**What to do:**
In the entries below, count each line holding the word "that". Answer with the total alone.

**Records for the task:**
lemma nondvd_prod_mult_cong:
  fixes p q c :: nat
  assumes "odd q" "p dvd q"
  shows "[nondvd_prod p (c * q) = nondvd_prod p q ^ c] (mod q\<^sup>2)"
proof (induction c)
  case 0
  show ?case
    by (simp add: nondvd_prod_def)
next
  case (Suc c)
  have "nondvd_prod p (Suc c * q) = nondvd_prod p (c * q) * (\<Prod>k\<in>{k\<in>{1..q}. \<not> p dvd k}. c * q + k)"
    using nondvd_prod_add[of p "c * q" q] assms(2) by (simp add: add.commute)
  moreover have "[nondvd_prod p (c * q) * (\<Prod>k\<in>{k\<in>{1..q}. \<not> p dvd k}. c * q + k)
                 = nondvd_prod p q ^ c * nondvd_prod p q] (mod q\<^sup>2)"
    by (intro cong_mult Suc.IH prod_nondvd_shift_cong assms) simp
  ultimately show ?case
    by (simp add: mult.commute)
qed

lemma binomial_mult_nondvd_prod:
  fixes p x y :: nat
  assumes "p > 0"
  shows "((x + y) * p choose (x * p)) * nondvd_prod p (x * p) * nondvd_prod p (y * p)
       = ((x + y) choose x) * nondvd_prod p ((x + y) * p)"
proof -
  have split: "fact (n * p) = p ^ n * fact n * nondvd_prod p (n * p)" for n
    using fact_eq_nondvd_prod[OF assms, of "n * p"] assms by simp
  have "(p ^ (x + y) * fact x * fact y) * (((x + y) * p choose (x * p)) * nondvd_prod p (x * p) * nondvd_prod p (y * p))
      = fact (x * p) * fact (y * p) * ((x + y) * p choose (x * p))"
    unfolding split by (simp add: power_add ac_simps)
  also have "\<dots> = fact ((x + y) * p)"
    using binomial_fact_lemma[of "x * p" "(x + y) * p"] by (simp add: add_mult_distrib)
  also have "\<dots> = p ^ (x + y) * (fact x * fact y * ((x + y) choose x)) * nondvd_prod p ((x + y) * p)"
    unfolding split using binomial_fact_lemma[of x "x + y"] by simp
  finally have "(p ^ (x + y) * fact x * fact y) * (((x + y) * p choose (x * p)) * nondvd_prod p (x * p) * nondvd_prod p (y * p))
              = (p ^ (x + y) * fact x * fact y) * (((x + y) choose x) * nondvd_prod p ((x + y) * p))"
    by (simp add: ac_simps)
  then show ?thesis
    using assms by simp
qed

lemma binomial_triple_mult_nondvd_prod:
  fixes p a b :: nat
  assumes "p > 0"
  shows "((a + b) * p choose (a * p)) * (2 * a * p choose (a * p)) * (2 * b * p choose (b * p))
          * (nondvd_prod p (a * p) ^ 3 * nondvd_prod p (b * p) ^ 3)
       = ((a + b) choose a) * (2 * a choose a) * (2 * b choose b)
          * (nondvd_prod p ((a + b) * p) * nondvd_prod p (2 * a * p) * nondvd_prod p (2 * b * p))"
proof -
  note binomial_mult_nondvd_prod[OF assms]
  note ab = this[of a b] and aa = this[of a a, folded mult_2] and bb = this[of b b, folded mult_2]
  have "((a + b) * p choose (a * p)) * (2 * a * p choose (a * p)) * (2 * b * p choose (b * p))
          * (nondvd_prod p (a * p) ^ 3 * nondvd_prod p (b * p) ^ 3)
      = (((a + b) * p choose (a * p)) * nondvd_prod p (a * p) * nondvd_prod p (b * p))
          * ((2 * a * p choose (a * p)) * nondvd_prod p (a * p) * nondvd_prod p (a * p))
          * ((2 * b * p choose (b * p)) * nondvd_prod p (b * p) * nondvd_prod p (b * p))"
    by (simp add: power3_eq_cube ac_simps)
  also have "\<dots> = (((a + b) choose a) * nondvd_prod p ((a + b) * p))
          * ((2 * a choose a) * nondvd_prod p (2 * a * p)) * ((2 * b choose b) * nondvd_prod p (2 * b * p))"
    by (simp only: ab aa bb)
  finally show ?thesis
    by (simp add: ac_simps)
qed

lemma nondvd_prod_triple_cong:
  fixes p a b t :: nat
  assumes "odd p" "p ^ t dvd a" "p ^ t dvd b"
  shows "[nondvd_prod p (a * p) ^ 3 * nondvd_prod p (b * p) ^ 3
          = nondvd_prod p ((a + b) * p) * nondvd_prod p (2 * a * p) * nondvd_prod p (2 * b * p)]
         (mod p ^ (2 * (t + 1)))"
proof -
  define q where "q = p ^ (t + 1)"
  obtain a' b' where "a = p ^ t * a'" "b = p ^ t * b'"
    using assms(2,3) by (auto elim!: dvdE)
  then have blocks: "a * p = a' * q" "b * p = b' * q" "(a + b) * p = (a' + b') * q"
    "2 * a * p = (2 * a') * q" "2 * b * p = (2 * b') * q"
    by (simp_all add: q_def algebra_simps)
  define W where "W = nondvd_prod p q"
  have W: "[nondvd_prod p (c * q) = W ^ c] (mod q\<^sup>2)" for c
    unfolding W_def by (rule nondvd_prod_mult_cong) (use assms(1) in \<open>simp_all add: q_def\<close>)
  have separate: "[nondvd_prod p (a * p) ^ 3 * nondvd_prod p (b * p) ^ 3 = (W ^ a') ^ 3 * (W ^ b') ^ 3] (mod q\<^sup>2)"
    unfolding blocks by (intro cong_mult cong_pow W)
  have merged: "[nondvd_prod p ((a + b) * p) * nondvd_prod p (2 * a * p) * nondvd_prod p (2 * b * p)
                 = W ^ (a' + b') * W ^ (2 * a') * W ^ (2 * b')] (mod q\<^sup>2)"
    unfolding blocks by (intro cong_mult W)
  have exponents: "(W ^ a') ^ 3 * (W ^ b') ^ 3 = W ^ (a' + b') * W ^ (2 * a') * W ^ (2 * b')"
    by (simp flip: power_mult power_add add: algebra_simps)
  have "[nondvd_prod p (a * p) ^ 3 * nondvd_prod p (b * p) ^ 3
          = nondvd_prod p ((a + b) * p) * nondvd_prod p (2 * a * p) * nondvd_prod p (2 * b * p)] (mod q\<^sup>2)"
    using cong_trans[OF separate[unfolded exponents] cong_sym[OF merged]] .
  moreover have "q\<^sup>2 = p ^ (2 * (t + 1))"
    unfolding q_def power_mult[symmetric] by (simp add: mult.commute)
  ultimately show ?thesis
    by simp
qed

lemma cong_cancel_of_mult_eq:
  fixes P Q U V m n :: nat
  assumes "P * U = Q * V" "[U = V] (mod m)" "n dvd Q" "coprime U (n * m)"
  shows "[P = Q] (mod n * m)"
proof -
  obtain z where Q: "Q = n * z"
    using assms(3) ..
  have "[n * (z * V) = n * (z * U)] (mod n * m)"
    using assms(2) by (intro cong_cmult_leftI cong_scalar_left) (rule cong_sym)
  then have "[P * U = Q * U] (mod n * m)"
    unfolding assms(1) Q by (simp add: ac_simps)
  then show ?thesis
    using cong_mult_rcancel_nat[OF assms(4)] by blast
qed

lemma multiplicity_fact_div:
  fixes p n :: nat
  assumes "prime p"
  shows "multiplicity p (fact n :: nat) = n div p + multiplicity p (fact (n div p) :: nat)"
proof -
  have "\<not> p dvd nondvd_prod p n"
    using coprime_nondvd_prod[OF assms, of n] assms
    by (auto dest: coprime_common_divisor_nat)
  then have "multiplicity p (nondvd_prod p n) = 0"
    by (rule not_dvd_imp_multiplicity_0)
  moreover have "nondvd_prod p n \<noteq> 0"
    by (simp add: nondvd_prod_def)
  ultimately show ?thesis
    using fact_eq_nondvd_prod[OF prime_gt_0_nat[OF assms], of n] assms
    by (simp add: prime_elem_multiplicity_mult_distrib)
qed

lemma multiplicity_fact:
  fixes p n K :: nat
  assumes "prime p" "n \<le> K"
  shows "multiplicity p (fact n :: nat) = (\<Sum>j\<in>{1..K}. n div p ^ j)"
  using assms(2)
proof (induction n arbitrary: K rule: less_induct)
  case (less n)
  show ?case
  proof (cases "n = 0")
    case False
    then obtain K' where K: "K = Suc K'"
      using less.prems by (cases K) auto
    have "n div p < n"
      using False prime_gt_1_nat[OF assms(1)] by simp
    then have IH: "multiplicity p (fact (n div p) :: nat) = (\<Sum>j\<in>{1..K'}. n div p div p ^ j)"
      using less.prems K by (intro less.IH) auto
    have "(\<Sum>j\<in>{1..K}. n div p ^ j) = n div p + (\<Sum>j\<in>{Suc 1..Suc K'}. n div p ^ j)"
      unfolding K by (subst sum.atLeast_Suc_atMost) auto
    also have "(\<Sum>j\<in>{Suc 1..Suc K'}. n div p ^ j) = (\<Sum>j\<in>{1..K'}. n div p div p ^ j)"
      by (simp only: sum.shift_bounds_cl_Suc_ivl power_Suc div_mult2_eq)
    finally show ?thesis
      using IH multiplicity_fact_div[OF assms(1), of n] by simp
  qed simp
qed

lemma multiplicity_central_binomial:
  fixes p a K :: nat
  assumes "prime p" "2 * a \<le> K"
  shows "multiplicity p (2 * a choose a) = (\<Sum>j\<in>{1..K}. 2 * (a mod p ^ j) div p ^ j)"
proof -
  have "fact a * fact a * (2 * a choose a) = (fact (2 * a) :: nat)"
    using binomial_fact_lemma[of a "2 * a"] by simp
  then have "multiplicity p (fact (2 * a) :: nat)
           = 2 * multiplicity p (fact a :: nat) + multiplicity p (2 * a choose a)"
    using assms(1) by (metis prime_elem_multiplicity_mult_distrib prime_imp_prime_elem fact_nonzero
        mult_2 mult_eq_0_iff)
  moreover have "2 * a div p ^ j = 2 * (a div p ^ j) + 2 * (a mod p ^ j) div p ^ j" for j
  proof -
    have "2 * a = 2 * (a mod p ^ j) + 2 * (a div p ^ j) * p ^ j"
      by (metis add_mult_distrib2 mod_div_mult_eq mult.assoc)
    moreover have "p ^ j > 0"
      using assms(1) by (simp add: prime_gt_0_nat)
    ultimately show ?thesis
      by (metis div_mult_self1 add.commute less_not_refl2)
  qed
  ultimately show ?thesis
    using multiplicity_fact[OF assms(1) assms(2)] multiplicity_fact[OF assms(1), of a K] assms(2)
    by (simp add: sum.distrib sum_distrib_left)
qed

lemma carry_of_dvd_add:
  fixes a b d :: nat
  assumes "d dvd a + b" "\<not> d dvd a"
  shows "d \<le> 2 * (a mod d) \<or> d \<le> 2 * (b mod d)"
proof (cases "d = 0")
  case False
  have "d dvd a mod d + b mod d"
    using assms(1) by (simp add: dvd_eq_mod_eq_0 mod_add_eq)
  then obtain k where k: "a mod d + b mod d = d * k" ..
  have "0 < a mod d" "a mod d < d" "b mod d < d"
    using assms(2) False by (auto simp: dvd_eq_mod_eq_0)
  with k have "k = 1"
    by (metis One_nat_def add_pos_nonneg add_strict_mono less_2_cases mult_2_right mult_less_cancel1
        mult_0_right zero_le less_nat_zero_code)
  with k have "a mod d + b mod d = d"
    by simp
  then show ?thesis
    by linarith
qed simp
definition subset_acc :: "'a set \<Rightarrow> bool" where
  "subset_acc X \<longleftrightarrow>
     (\<forall>F :: nat \<Rightarrow> 'a set. (\<forall>n. F n \<subseteq> X \<and> F n \<subseteq> F (Suc n)) \<longrightarrow> (\<exists>m. \<forall>n\<ge>m. F n = F m))"

lemma subset_dccD:
  assumes "subset_dcc X" "\<And>n. F n \<subseteq> X" "\<And>n. F (Suc n) \<subseteq> F n"
  shows "\<exists>m. \<forall>n\<ge>m. F n = F m"
  using assms(1) unfolding subset_dcc_def by (elim allE[where x=F] impE) (use assms(2,3) in blast)+

lemma subset_accD:
  assumes "subset_acc X" "\<And>n. F n \<subseteq> X" "\<And>n. F n \<subseteq> F (Suc n)"
  shows "\<exists>m. \<forall>n\<ge>m. F n = F m"
  using assms(1) unfolding subset_acc_def by (elim allE[where x=F] impE) (use assms(2,3) in blast)+

lemma subset_dcc_if_finite:
  assumes "finite X" shows "subset_dcc X"
  unfolding subset_dcc_def
proof (intro allI impI)
  fix F :: "nat \<Rightarrow> 'a set"
  assume F: "\<forall>n. F n \<subseteq> X \<and> F (Suc n) \<subseteq> F n"
  then have dec: "\<And>n. F (Suc n) \<subseteq> F n" by blast
  obtain m where m: "\<And>n. card (F m) \<le> card (F n)"
    using ex_has_least_nat[of "\<lambda>_. True" 0 "\<lambda>n. card (F n)"] by blast
  have "finite (F m)" using F assms finite_subset by blast
  then have "F n = F m" if "n \<ge> m" for n
    using card_seteq lift_Suc_antimono_le[of F, OF dec that] m by blast
  then show "\<exists>m. \<forall>n\<ge>m. F n = F m" by blast
qed

lemma finite_if_subset_dcc:
  assumes "subset_dcc X" shows "finite X"
proof (rule ccontr)
  assume "infinite X"
  then obtain f :: "nat \<Rightarrow> 'a" where f: "inj f" "range f \<subseteq> X"
    using infinite_countable_subset by blast
  define F where "F n = X - f ` {..<n}" for n
  have "F (Suc n) \<subseteq> F n" for n
    unfolding F_def by (auto simp: lessThan_Suc)
  then obtain m where "\<forall>n\<ge>m. F n = F m"
    using subset_dccD[OF assms, of F] unfolding F_def by blast
  then have "F (Suc m) = F m" using le_Suc_eq by blast
  moreover have "f m \<in> F m" "f m \<notin> F (Suc m)"
    using f unfolding F_def by (auto simp: inj_image_mem_iff)
  ultimately show False by simp
qed

lemma subset_dcc_iff_finite: "subset_dcc X \<longleftrightarrow> finite X"
  using subset_dcc_if_finite finite_if_subset_dcc by blast

text \<open>Ascending chains in X are handled through the descending chains of their complements.\<close>

lemma subset_acc_if_finite:
  assumes "finite X" shows "subset_acc X"
  unfolding subset_acc_def
proof (intro allI impI)
  fix F :: "nat \<Rightarrow> 'a set"
  assume F: "\<forall>n. F n \<subseteq> X \<and> F n \<subseteq> F (Suc n)"
  have "X - F (Suc n) \<subseteq> X - F n" for n using F by blast
  then obtain m where m: "\<forall>n\<ge>m. X - F n = X - F m"
    using subset_dccD[OF subset_dcc_if_finite[OF assms], of "\<lambda>n. X - F n"] by blast
  have "F n = F m" if "n \<ge> m" for n
  proof -
    have "X - F n = X - F m" "F n \<subseteq> X" "F m \<subseteq> X" using m that F by blast+
    then show ?thesis by blast
  qed
  then show "\<exists>m. \<forall>n\<ge>m. F n = F m" by blast
qed

lemma finite_if_subset_acc:
  assumes "subset_acc X" shows "finite X"
proof (rule ccontr)
  assume "infinite X"
  then obtain f :: "nat \<Rightarrow> 'a" where f: "inj f" "range f \<subseteq> X"
    using infinite_countable_subset by blast
  define F where "F n = f ` {..<n}" for n
  have "F n \<subseteq> X" "F n \<subseteq> F (Suc n)" for n
    using f unfolding F_def by (auto simp: lessThan_Suc)
  then obtain m where "\<forall>n\<ge>m. F n = F m"
    using subset_accD[OF assms, of F] by blast
  then have "F (Suc m) = F m" using le_Suc_eq by blast
  moreover have "f m \<notin> F m" "f m \<in> F (Suc m)"
    using f unfolding F_def by (auto simp: inj_image_mem_iff)
  ultimately show False by simp
qed

lemma subset_acc_iff_finite: "subset_acc X \<longleftrightarrow> finite X"
  using subset_acc_if_finite finite_if_subset_acc by blast

lemma Inter_rees_cong_eq_Id_on_iff:
  "(A \<times> A) \<inter> (\<Inter>C\<in>\<C>. rees_cong A C) = Id_on A \<longleftrightarrow>
     (\<forall>x\<in>A. \<forall>y\<in>A. (\<forall>C\<in>\<C>. x \<in> C \<and> y \<in> C) \<longrightarrow> x = y)"
  unfolding rees_cong_def by blast

lemma fin_rees_cogenE:
  assumes "fin_rees_cogen A act" "\<And>B. B \<in> \<B> \<Longrightarrow> subact B A act"
    "(A \<times> A) \<inter> (\<Inter>B\<in>\<B>. rees_cong A B) = Id_on A"
  obtains \<J> where "finite \<J>" "\<J> \<subseteq> \<B>" "(A \<times> A) \<inter> (\<Inter>B\<in>\<J>. rees_cong A B) = Id_on A"
proof -
  have "\<exists>\<J>. finite \<J> \<and> \<J> \<subseteq> \<B> \<and> (A \<times> A) \<inter> (\<Inter>B\<in>\<J>. rees_cong A B) = Id_on A"
    by (rule assms(1)[unfolded fin_rees_cogen_def, THEN spec[where x=\<B>], THEN mp, THEN mp])
      (use assms(2,3) in auto)
  then show thesis using that by (elim exE conjE)
qed

locale semisimple_decomposition =
  fixes A :: "'a set" and act :: "'a \<Rightarrow> 's::monoid_mult \<Rightarrow> 'a" and \<theta> :: 'a
    and \<B> :: "'a set set"
  assumes act0: "act0 A act \<theta>"
    and summands: "\<forall>B\<in>\<B>. subact B A act \<and> \<theta> \<in> B \<and> theta_simple B act \<theta>"
    and Union_summands: "\<Union>\<B> = A"
    and summands_disjoint: "\<forall>B\<in>\<B>. \<forall>C\<in>\<B>. B \<noteq> C \<longrightarrow> B \<inter> C = {\<theta>}"
begin

lemma act_closed: "a \<in> A \<Longrightarrow> act a s \<in> A"
  and act_one: "a \<in> A \<Longrightarrow> act a 1 = a"
  and act_mult: "a \<in> A \<Longrightarrow> act (act a s) t = act a (s * t)"
  and theta_in_A: "\<theta> \<in> A"
  and act_theta: "act \<theta> s = \<theta>"
  using act0 unfolding act0_def right_act_def by blast+

lemma summand_subact: "B \<in> \<B> \<Longrightarrow> subact B A act"
  and theta_in_summand: "B \<in> \<B> \<Longrightarrow> \<theta> \<in> B"
  and summand_theta_simple: "B \<in> \<B> \<Longrightarrow> theta_simple B act \<theta>"
  using summands by blast+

**Result for this task:**
3